**What needs to be done**
In the entries below, spot each line with the word "lemma" and copy it.

**Available records**
(* Let $p,a$ be positive integers with $\gcd(a,p)=1$, let $r\ge0$, $m\ge1$ and $1\le v\le p$ be integers. Let $b_{v,r,a,m}(n)$ denote the number of partitions of $n$ in which every multiplicity is congruent to $ja\pmod p$ for some $j\in\{0,1,\ldots,v-1\}$ and, for such $j$, lies between $j(pr+a)$ and $j(pr+a)+p(m-1)$ inclusive (equivalently, every multiplicity has the form $j(pr+a)+pk$ with $0\le j\le v-1$, $0\le k\le m-1$). Set $b_{v,r,a,m}(0)=1$ and $b_{v,r,a,m}(n)=0$ for $n<0$. If $\gcd(v,p)\nmid n$, then $$b_{v,r,a,m}(n)=\sum_{j=1}^{n}(-1)^{j+1}\Big(b_{v,r,a,m}\big(n-\tfrac{(pr+a)j(3j-1)}{2}\big)+b_{v,r,a,m}\big(n-\tfrac{(pr+a)j(3j+1)}{2}\big)\Big).$$
   Context: Multiplicity of a part means the number of times it appears in the partition. *)

theory Defs
  imports Main "HOL-Library.Multiset"
begin

definition partitions :: "nat \<Rightarrow> nat multiset set" where
  "partitions n = {M. (\<forall>x\<in>#M. x > 0) \<and> sum_mset M = n}"

definition allowed_mult :: "nat \<Rightarrow> nat \<Rightarrow> nat \<Rightarrow> nat \<Rightarrow> nat \<Rightarrow> nat set" where
  "allowed_mult p v r a m = {j * (p * r + a) + p * k | j k. j < v \<and> k < m}"

definition b :: "nat \<Rightarrow> nat \<Rightarrow> nat \<Rightarrow> nat \<Rightarrow> nat \<Rightarrow> int \<Rightarrow> int" where
  "b p v r a m n = (if n < 0 then 0 else
     int (card {M \<in> partitions (nat n). \<forall>x\<in>#M. count M x \<in> allowed_mult p v r a m}))"

end

theory Submission
  imports Defs "HOL-Computational_Algebra.Formal_Power_Series" "HOL-Number_Theory.Cong"
begin

unbundle fps_syntax

(* Let S be the set of allowed multiplicities and N = pr + a. Since gcd N p = 1 and v <= p, the
   numbers jN + pk (j < v, k < m) are pairwise distinct, so the generating function of b is
   prod_x sum_{s in S} q^(xs) = prod_x (1 - q^(xNv)) / (1 - q^(xN)) * sum_{k<m} q^(xpk).
   Multiplying by Euler's product prod_x (1 - q^(xN)) leaves a series whose exponents are all
   divisible by gcd v p, so its coefficient of q^n vanishes; expanding Euler's product by the
   pentagonal number theorem turns this into the recurrence. Only parts x <= n matter, and for
   the truncated Euler product the pentagonal number theorem holds up to degree n by Shanks'
   finite identity. *)

definition shanks_term :: "'a::comm_ring_1 \<Rightarrow> nat \<Rightarrow> nat \<Rightarrow> 'a" where
  "shanks_term y n k = (-1)^k * (\<Prod>i\<in>{k<..n}. 1 - y^i) * y^(n*k + k*(k+1) div 2)"

definition pentagonal_sum :: "'a::comm_ring_1 \<Rightarrow> nat \<Rightarrow> 'a" where
  "pentagonal_sum y n =
     (\<Sum>j\<le>n. (-1)^j * y^(j*(3*j+1) div 2)) + (\<Sum>j\<in>{1..n}. (-1)^j * y^(j*(3*j-1) div 2))"

lemma shanks_term_Suc_left:
  assumes "k \<le> n"
  shows "shanks_term y (Suc n) k = shanks_term y n k * y^k * (1 - y^Suc n)"
proof -
  have "{k<..Suc n} = insert (Suc n) {k<..n}" using assms by auto
  moreover have "Suc n * k + k*(k+1) div 2 = (n*k + k*(k+1) div 2) + k" by simp
  ultimately show ?thesis unfolding shanks_term_def by (simp add: power_add algebra_simps)
qed

lemma shanks_term_Suc_right:
  assumes "k < n"
  shows "shanks_term y n (Suc k) * (1 - y^Suc k) = - (shanks_term y n k * y^(n + k + 1))"
proof -
  have "{k<..n} = insert (Suc k) {Suc k<..n}" using assms by auto
  moreover have "n * Suc k + Suc k*(Suc k+1) div 2 = (n*k + k*(k+1) div 2) + (n + k + 1)"
    by (simp add: algebra_simps)
  ultimately show ?thesis unfolding shanks_term_def by (simp add: power_add algebra_simps)
qed

lemma shanks_term_diag: "shanks_term y n n = (-1)^n * y^(n*(3*n+1) div 2)"
proof -
  have "n*n + n*(n+1) div 2 = n*(3*n+1) div 2" by (simp add: algebra_simps)
  then show ?thesis unfolding shanks_term_def by simp
qed

lemma sum_shanks_term_Suc:
  "(\<Sum>k\<le>Suc n. shanks_term y (Suc n) k) =
     (\<Sum>k\<le>n. shanks_term y n k) - shanks_term y n n * y^(2*n+1) + shanks_term y (Suc n) (Suc n)"
proof -
  let ?T = "shanks_term y n"
  \<comment> \<open>Split \<open>y^k (1 - y^(n+1))\<close> as \<open>1 - (1 - y^k) - y^(n+k+1)\<close>; the middle part telescopes.\<close>
  have "(\<Sum>k\<le>n. ?T k * (1 - y^k)) = (\<Sum>k<n. ?T (Suc k) * (1 - y^Suc k))"
    by (subst sum.atMost_shift) simp
  also have "\<dots> = - (\<Sum>k<n. ?T k * y^(n + k + 1))"
    by (simp add: shanks_term_Suc_right sum_negf del: power_Suc)
  finally have telescope: "(\<Sum>k\<le>n. ?T k * (1 - y^k)) = - (\<Sum>k<n. ?T k * y^(n + k + 1))" .
  have last: "(\<Sum>k\<le>n. ?T k * y^(n+k+1)) = (\<Sum>k<n. ?T k * y^(n+k+1)) + ?T n * y^(2*n+1)"
    by (simp add: lessThan_Suc_atMost[symmetric] mult_2)
  have "(\<Sum>k\<le>Suc n. shanks_term y (Suc n) k)
      = (\<Sum>k\<le>n. ?T k - ?T k * (1 - y^k) - ?T k * y^(n+k+1)) + shanks_term y (Suc n) (Suc n)"
    by (simp add: shanks_term_Suc_left power_add algebra_simps)
  also have "\<dots> = (\<Sum>k\<le>n. ?T k) - ?T n * y^(2*n+1) + shanks_term y (Suc n) (Suc n)"
    unfolding sum_subtractf telescope last by simp
  finally show ?thesis .
qed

**Solved exercise**
lemma shanks_term_Suc_left:
lemma shanks_term_Suc_right:
lemma shanks_term_diag: "shanks_term y n n = (-1)^n * y^(n*(3*n+1) div 2)"
lemma sum_shanks_term_Suc:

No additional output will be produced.